I can attract women easily, but I struggle keeping connections long term - is this just modern dating in NYC?
I’m a 27M living in NYC and I’m genuinely confused about something in dating.
I’ve been single for about a year and a half. Before that, I was in two long-term relationships - one for 5.5 years and another for about a year - so I know I’m capable of commitment and building a real relationship.
I take care of myself, I’m social, confident approaching women, go on dates, have hobbies, career goals, good friendships, etc. I’ve been told I’m handsome/good looking, well groomed, smell good, dress well, and women do show interest in me pretty often. I meet women through dating apps and in real life pretty regularly.
The thing is: I don’t struggle attracting women - I struggle keeping connections going long term.
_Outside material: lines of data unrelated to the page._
lemma mass_function_DERIV:
  assumes "(lam has_real_derivative l') (at x)"
    and "exp (-2 * lam x) * (2 * x * l' - 1) + 1 = 8 * pi * x^2 * d"
  shows "((\<lambda>s. s * (1 - exp (-2 * lam s)) / 2) has_real_derivative 4 * pi * x^2 * d) (at x)"
proof -
  have "((\<lambda>s. s * (1 - exp (-2 * lam s)) / 2) has_real_derivative
      ((1 - exp (-2 * lam x)) + x * (exp (-2 * lam x) * (2 * l'))) / 2) (at x)"
    using assms(1) by (auto intro!: derivative_eq_intros simp: field_simps)
  moreover have "(1 - exp (-2 * lam x)) + x * (exp (-2 * lam x) * (2 * l'))
      = exp (-2 * lam x) * (2 * x * l' - 1) + 1"
    by (simp add: algebra_simps)
  ultimately show ?thesis unfolding assms(2) by (simp add: mult_ac)
qed

lemma mu_equation_deriv_le:
  fixes r l m' p P Lam :: real
  assumes "exp (-2 * l) * (2 * r * m' - 1) + 1 = 8 * pi * r^2 * p"
    and "0 \<le> l" and "l \<le> Lam" and "p \<le> P" and "0 \<le> P" and "0 < r"
  shows "m' \<le> exp (2 * Lam) * 4 * pi * r * P"
proof -
  define E where "E = exp (2 * l)"
  have "E * exp (-2 * l) = 1" unfolding E_def by (simp flip: exp_add)
  then have "2 * r * m' - 1 = E * (exp (-2 * l) * (2 * r * m' - 1))"
    by (simp only: mult.assoc[symmetric]) simp
  also have "\<dots> = E * (8 * pi * r^2 * p - 1)"
    using assms(1) by (simp add: eq_diff_eq)
  finally have "2 * r * m' = E * (8 * pi * r^2 * p) + (1 - E)"
    by (simp add: algebra_simps)
  also have "\<dots> \<le> E * (8 * pi * r^2 * P)"
  proof -
    have "1 \<le> E" using assms(2) by (simp add: E_def)
    moreover have "E * (8 * pi * r^2 * p) \<le> E * (8 * pi * r^2 * P)"
      using assms(4) \<open>1 \<le> E\<close> by (intro mult_left_mono) auto
    ultimately show ?thesis by linarith
  qed
  also have "\<dots> \<le> exp (2 * Lam) * (8 * pi * r^2 * P)"
    using assms(3,5) by (intro mult_right_mono) (simp_all add: E_def)
  also have "\<dots> = 2 * r * (exp (2 * Lam) * 4 * pi * r * P)"
    by (simp add: power2_eq_square)
  finally show ?thesis using assms(6) by (simp add: mult_ac)
qed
A lot of my dating experiences follow a similar pattern:
strong chemistry
great conversations
fun dates
mutual interest
sometimes intimacy
future plans discussed
then eventually things fade, someone loses interest, communication slows, or things end
Sometimes I lose interest too because I realize we’re not compatible, but a lot of times I genuinely feel confused because things seemed good.
One thing I noticed:
When I was less emotionally invested in dating and would text less/respond slower naturally, women seemed to chase me more and put in more effort. Now that I actually want a healthy long-term relationship and communicate more openly/consistently, things often fade faster.
I’m not love bombing people, rushing relationships, or pretending to be someone I’m not. I’m emotionally expressive but still independent. I enjoy my life single and I’m not desperate for validation. I’m honestly just trying to build something real with the right person.
At this point I genuinely can’t tell:
Is there something wrong I’m doing without realizing it, or is modern dating in a city like NYC just genuinely like this for a lot of people?
And for women specifically: what usually makes a guy go from “fun/exciting person to date” to someone you actually emotionally invest in long term?